lemma descent_to_epsCrit:
  assumes "0 < \<epsilon>" "0 < r" "r < 1" and "x0 \<in> edom f" "gslope f x0 \<le> ereal (\<epsilon> / r ^ n)"
  shows "\<exists>x\<in>epsCrit \<epsilon> f. f x + ereal (\<epsilon> * dist x x0) \<le> f x0 \<and>
    f x - ereal r * g x \<le> f x0 - ereal r * g x0"
  using assms(4,5)
proof (induction n arbitrary: x0)
  case 0
  then have "x0 \<in> epsCrit \<epsilon> f"
    by (simp add: epsCrit_def)
  then show ?case
    by force
next
  case (Suc n)
  define lam where "lam = \<epsilon> / r ^ n"
  have "0 < lam"
    using assms(1,2) by (simp add: lam_def)
  have "\<epsilon> \<le> lam"
    using assms(1-3) by (simp add: lam_def le_divide_eq power_le_one)
  obtain a where a: "a \<in> dom_gslope f" "gslope f a \<le> ereal lam" "f a + ereal (lam * dist a x0) \<le> f x0"
    using ekeland_point[OF Suc.prems(1) \<open>0 < lam\<close>] by blast
  obtain x where x: "x \<in> epsCrit \<epsilon> f" "f x + ereal (\<epsilon> * dist x a) \<le> f a"
    "f x - ereal r * g x \<le> f a - ereal r * g a"
    using Suc.IH[OF dom_gslope_edom[OF a(1)]] a(2) unfolding lam_def by blast
  have "f x + ereal (\<epsilon> * dist x x0) \<le> f x0"
    using dist_descent_trans[OF x(2) a(3)] assms(1) \<open>\<epsilon> \<le> lam\<close> by simp
  moreover have "f a - ereal r * g a \<le> f x0 - ereal r * g x0"
    using ekeland_step_decreases[OF Suc.prems(1) _ assms(2) _ a(1,3)] Suc.prems(2) \<open>0 < lam\<close> assms(2)
    by (simp add: lam_def mult.commute)
  ultimately show ?case
    using x by (blast intro: order_trans)
qed

lemma exists_epsCrit_below:
  assumes "0 < \<epsilon>" "0 < r" "r < 1" and x0: "x0 \<in> dom_gslope f"
  shows "\<exists>x\<in>epsCrit \<epsilon> f. f x \<le> f x0 - ereal (\<epsilon> * dist x x0) \<and>
    f x - ereal r * g x \<le> f x0 - ereal r * g x0"
proof -
  obtain s where s: "gslope f x0 = ereal s" "0 \<le> s"
    using x0 gslope_nonneg[of f x0] by (cases "gslope f x0") (auto simp: dom_gslope_def)
  obtain n where n: "r ^ n < \<epsilon> / (s + 1)"
    using real_arch_pow_inv[of "\<epsilon> / (s + 1)" r] assms(1-3) s(2) by auto
  have "s * r ^ n + r ^ n < \<epsilon>"
    using n s(2) by (simp add: less_divide_eq distrib_right mult.commute)
  then have "s * r ^ n \<le> \<epsilon>"
    using zero_less_power[OF assms(2), of n] by linarith
  then have "gslope f x0 \<le> ereal (\<epsilon> / r ^ n)"
    using s assms(2) by (simp add: le_divide_eq)
  then show ?thesis
    using descent_to_epsCrit[OF assms(1-3) dom_gslope_edom[OF x0]] by (simp add: ereal_le_minus)
qed

lemma dom_gslope_near:
  assumes x0: "x0 \<in> edom f" and "0 < \<delta>"
  obtains a where "a \<in> dom_gslope f" "dist a x0 < \<delta>" "f a \<le> f x0"
proof -
  obtain c where c: "\<And>x. ereal c \<le> f x"
    using f_bdd by blast
  obtain F0 where F0: "f x0 = ereal F0"
    using x0 by (rule f_realE)
  \<comment> \<open>large enough that \<open>lam * dist a x0 \<le> F0 - c\<close> forces \<open>dist a x0 < \<delta>\<close>\<close>
  define lam where "lam = (F0 - c + 1) / \<delta>"
  have "0 < lam"
    using c[of x0] F0 \<open>0 < \<delta>\<close> by (simp add: lam_def)
  obtain a where a: "a \<in> dom_gslope f" "f a + ereal (lam * dist a x0) \<le> f x0"
    using ekeland_point[OF x0 \<open>0 < lam\<close>] by blast
  obtain A where A: "f a = ereal A"
    using dom_gslope_edom[OF a(1)] by (rule f_realE)
  have descent: "A + lam * dist a x0 \<le> F0"
    using a(2) A F0 by simp
  then have "lam * dist a x0 < lam * \<delta>"
    using c[of a] A \<open>0 < \<delta>\<close> by (simp add: lam_def)
  then have "dist a x0 < \<delta>"
    using \<open>0 < lam\<close> by simp
  moreover have "0 \<le> lam * dist a x0"
    using \<open>0 < lam\<close> by simp
  with descent have "A \<le> F0"
    by linarith
  ultimately show ?thesis
    using that a(1) A F0 by simp
qed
::::
*Task description:* In the listing above, find the line containing "using ekeland_point[OF Suc.prems(1)" and the line containing "using dist_descent_trans[OF x(2)". Output them and every line between, exactly, and nothing else.

*Exercise answer:*
    using ekeland_point[OF Suc.prems(1) \<open>0 < lam\<close>] by blast
  obtain x where x: "x \<in> epsCrit \<epsilon> f" "f x + ereal (\<epsilon> * dist x a) \<le> f a"
    "f x - ereal r * g x \<le> f a - ereal r * g a"
    using Suc.IH[OF dom_gslope_edom[OF a(1)]] a(2) unfolding lam_def by blast
  have "f x + ereal (\<epsilon> * dist x x0) \<le> f x0"
    using dist_descent_trans[OF x(2) a(3)] assms(1) \<open>\<epsilon> \<le> lam\<close> by simp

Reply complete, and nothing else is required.